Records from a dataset
#####
(* Under the assumptions of Theorem 2, for every integer $j\ge J_2^\star$, $$\mathbb P(\tau_{\text{com}}>j)\le 3(n+m)^3\exp\big(-j/(3\bar d)\big).$$
   Context: Setting: undirected graph on honest agents $[n]$ and malicious agents $n+1,\dots,n+m$; $N(i)$ neighbors of $i$, $\bar d=\max_{i\in[n]}|N(i)|$; $E_{\text{hon}}$ the edges among honest agents. In the algorithm, at the end of each phase $j$, honest $i$ samples $H_j^{(i)}$ uniformly from $N(i)\setminus P_j^{(i)}$ (independently of everything else given the past), where $P_j^{(i)}$ is its blocklist at phase $j$; the proposed blocking rule, whenever it triggers at phase $j$, adds the agent $H_{j-1}^{(i)}$ to $P_{j'}^{(i)}$ exactly for $j'\in\{j,\dots,\lceil j^\eta\rceil\}$ (blocklists otherwise empty); the rule involves $\theta_j=(j/3)^{\rho_1}$. Assumptions of Theorem 2 include $\eta>1$, $0<\rho_1\le1/\eta$ (and the other conditions $\beta>1$, $\alpha>\frac32+\frac1{2\beta}+\frac1{2\rho_1^2}$, $\frac1{2\alpha-3}<\rho_2<\rho_1(\beta-1)$, $G_{\text{hon}}$ connected). Definitions. $J_2^\star=\min\{j\in\mathbb N: 1\le\lfloor\theta_{j'}\rfloor\le j'-2\text{ and } j'/3\le(j'-2)-\lceil\lfloor\theta_{j'}\rfloor^\eta\rceil\ \forall j'\ge j\}$. For $\{i,i'\}\in E_{\text{hon}}$, $\Xi_j^{(i\to i')}=\bigcap_{j'=\lfloor\theta_j\rfloor}^{j-2}\{H_{j'}^{(i')}\ne i\}$. $\tau_{\text{com}}=\inf\{j\in\mathbb N:$ for all $j'\ge j$ and all ordered pairs $(i,i')$ with $\{i,i'\}\in E_{\text{hon}}$, $\Xi_{j'}^{(i\to i')}$ does not occur$\}$. *)

theory Defs
  imports "HOL-Probability.Probability"
begin

text \<open>Agents are natural numbers: honest agents are 1..n, malicious ones n+1..n+m.
  The graph is given by the neighbour map N.  Phases are j = 1, 2, ...\<close>

definition honest :: "nat \<Rightarrow> nat set" where
  "honest n = {1..n}"

definition dbar :: "nat \<Rightarrow> (nat \<Rightarrow> nat set) \<Rightarrow> nat" where
  "dbar n N = Max ((\<lambda>i. card (N i)) ` {1..n})"

definition Ehon :: "nat \<Rightarrow> (nat \<Rightarrow> nat set) \<Rightarrow> (nat \<times> nat) set" where
  "Ehon n N = {(i, i'). i \<in> {1..n} \<and> i' \<in> {1..n} \<and> i' \<in> N i}"

definition valid_graph :: "nat \<Rightarrow> nat \<Rightarrow> (nat \<Rightarrow> nat set) \<Rightarrow> bool" where
  "valid_graph n m N \<longleftrightarrow>
     (\<forall>i\<in>{1..n+m}. N i \<subseteq> {1..n+m} \<and> i \<notin> N i) \<and>
     (\<forall>i\<in>{1..n+m}. \<forall>k\<in>{1..n+m}. k \<in> N i \<longleftrightarrow> i \<in> N k)"

definition hon_connected :: "nat \<Rightarrow> (nat \<Rightarrow> nat set) \<Rightarrow> bool" where
  "hon_connected n N \<longleftrightarrow> (\<forall>i\<in>{1..n}. \<forall>i'\<in>{1..n}. (i, i') \<in> (Ehon n N)\<^sup>*)"

definition theta :: "real \<Rightarrow> nat \<Rightarrow> real" where
  "theta \<rho>1 j = (real j / 3) powr \<rho>1"

definition J2star :: "real \<Rightarrow> real \<Rightarrow> nat" where
  "J2star \<rho>1 \<eta> = (LEAST j::nat. j \<ge> 1 \<and> (\<forall>j'\<ge>j.
       1 \<le> \<lfloor>theta \<rho>1 j'\<rfloor> \<and> \<lfloor>theta \<rho>1 j'\<rfloor> \<le> int j' - 2 \<and>
       real j' / 3 \<le> real_of_int ((int j' - 2) - \<lceil>(real_of_int \<lfloor>theta \<rho>1 j'\<rfloor>) powr \<eta>\<rceil>)))"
#####
Return the data in its entirety, exactly as given.

WORKED SOLUTION:
(* Under the assumptions of Theorem 2, for every integer $j\ge J_2^\star$, $$\mathbb P(\tau_{\text{com}}>j)\le 3(n+m)^3\exp\big(-j/(3\bar d)\big).$$
   Context: Setting: undirected graph on honest agents $[n]$ and malicious agents $n+1,\dots,n+m$; $N(i)$ neighbors of $i$, $\bar d=\max_{i\in[n]}|N(i)|$; $E_{\text{hon}}$ the edges among honest agents. In the algorithm, at the end of each phase $j$, honest $i$ samples $H_j^{(i)}$ uniformly from $N(i)\setminus P_j^{(i)}$ (independently of everything else given the past), where $P_j^{(i)}$ is its blocklist at phase $j$; the proposed blocking rule, whenever it triggers at phase $j$, adds the agent $H_{j-1}^{(i)}$ to $P_{j'}^{(i)}$ exactly for $j'\in\{j,\dots,\lceil j^\eta\rceil\}$ (blocklists otherwise empty); the rule involves $\theta_j=(j/3)^{\rho_1}$. Assumptions of Theorem 2 include $\eta>1$, $0<\rho_1\le1/\eta$ (and the other conditions $\beta>1$, $\alpha>\frac32+\frac1{2\beta}+\frac1{2\rho_1^2}$, $\frac1{2\alpha-3}<\rho_2<\rho_1(\beta-1)$, $G_{\text{hon}}$ connected). Definitions. $J_2^\star=\min\{j\in\mathbb N: 1\le\lfloor\theta_{j'}\rfloor\le j'-2\text{ and } j'/3\le(j'-2)-\lceil\lfloor\theta_{j'}\rfloor^\eta\rceil\ \forall j'\ge j\}$. For $\{i,i'\}\in E_{\text{hon}}$, $\Xi_j^{(i\to i')}=\bigcap_{j'=\lfloor\theta_j\rfloor}^{j-2}\{H_{j'}^{(i')}\ne i\}$. $\tau_{\text{com}}=\inf\{j\in\mathbb N:$ for all $j'\ge j$ and all ordered pairs $(i,i')$ with $\{i,i'\}\in E_{\text{hon}}$, $\Xi_{j'}^{(i\to i')}$ does not occur$\}$. *)

theory Defs
  imports "HOL-Probability.Probability"
begin

text \<open>Agents are natural numbers: honest agents are 1..n, malicious ones n+1..n+m.
  The graph is given by the neighbour map N.  Phases are j = 1, 2, ...\<close>

definition honest :: "nat \<Rightarrow> nat set" where
  "honest n = {1..n}"

definition dbar :: "nat \<Rightarrow> (nat \<Rightarrow> nat set) \<Rightarrow> nat" where
  "dbar n N = Max ((\<lambda>i. card (N i)) ` {1..n})"

definition Ehon :: "nat \<Rightarrow> (nat \<Rightarrow> nat set) \<Rightarrow> (nat \<times> nat) set" where
  "Ehon n N = {(i, i'). i \<in> {1..n} \<and> i' \<in> {1..n} \<and> i' \<in> N i}"

definition valid_graph :: "nat \<Rightarrow> nat \<Rightarrow> (nat \<Rightarrow> nat set) \<Rightarrow> bool" where
  "valid_graph n m N \<longleftrightarrow>
     (\<forall>i\<in>{1..n+m}. N i \<subseteq> {1..n+m} \<and> i \<notin> N i) \<and>
     (\<forall>i\<in>{1..n+m}. \<forall>k\<in>{1..n+m}. k \<in> N i \<longleftrightarrow> i \<in> N k)"

definition hon_connected :: "nat \<Rightarrow> (nat \<Rightarrow> nat set) \<Rightarrow> bool" where
  "hon_connected n N \<longleftrightarrow> (\<forall>i\<in>{1..n}. \<forall>i'\<in>{1..n}. (i, i') \<in> (Ehon n N)\<^sup>*)"

definition theta :: "real \<Rightarrow> nat \<Rightarrow> real" where
  "theta \<rho>1 j = (real j / 3) powr \<rho>1"

definition J2star :: "real \<Rightarrow> real \<Rightarrow> nat" where
  "J2star \<rho>1 \<eta> = (LEAST j::nat. j \<ge> 1 \<and> (\<forall>j'\<ge>j.
       1 \<le> \<lfloor>theta \<rho>1 j'\<rfloor> \<and> \<lfloor>theta \<rho>1 j'\<rfloor> \<le> int j' - 2 \<and>
       real j' / 3 \<le> real_of_int ((int j' - 2) - \<lceil>(real_of_int \<lfloor>theta \<rho>1 j'\<rfloor>) powr \<eta>\<rceil>)))"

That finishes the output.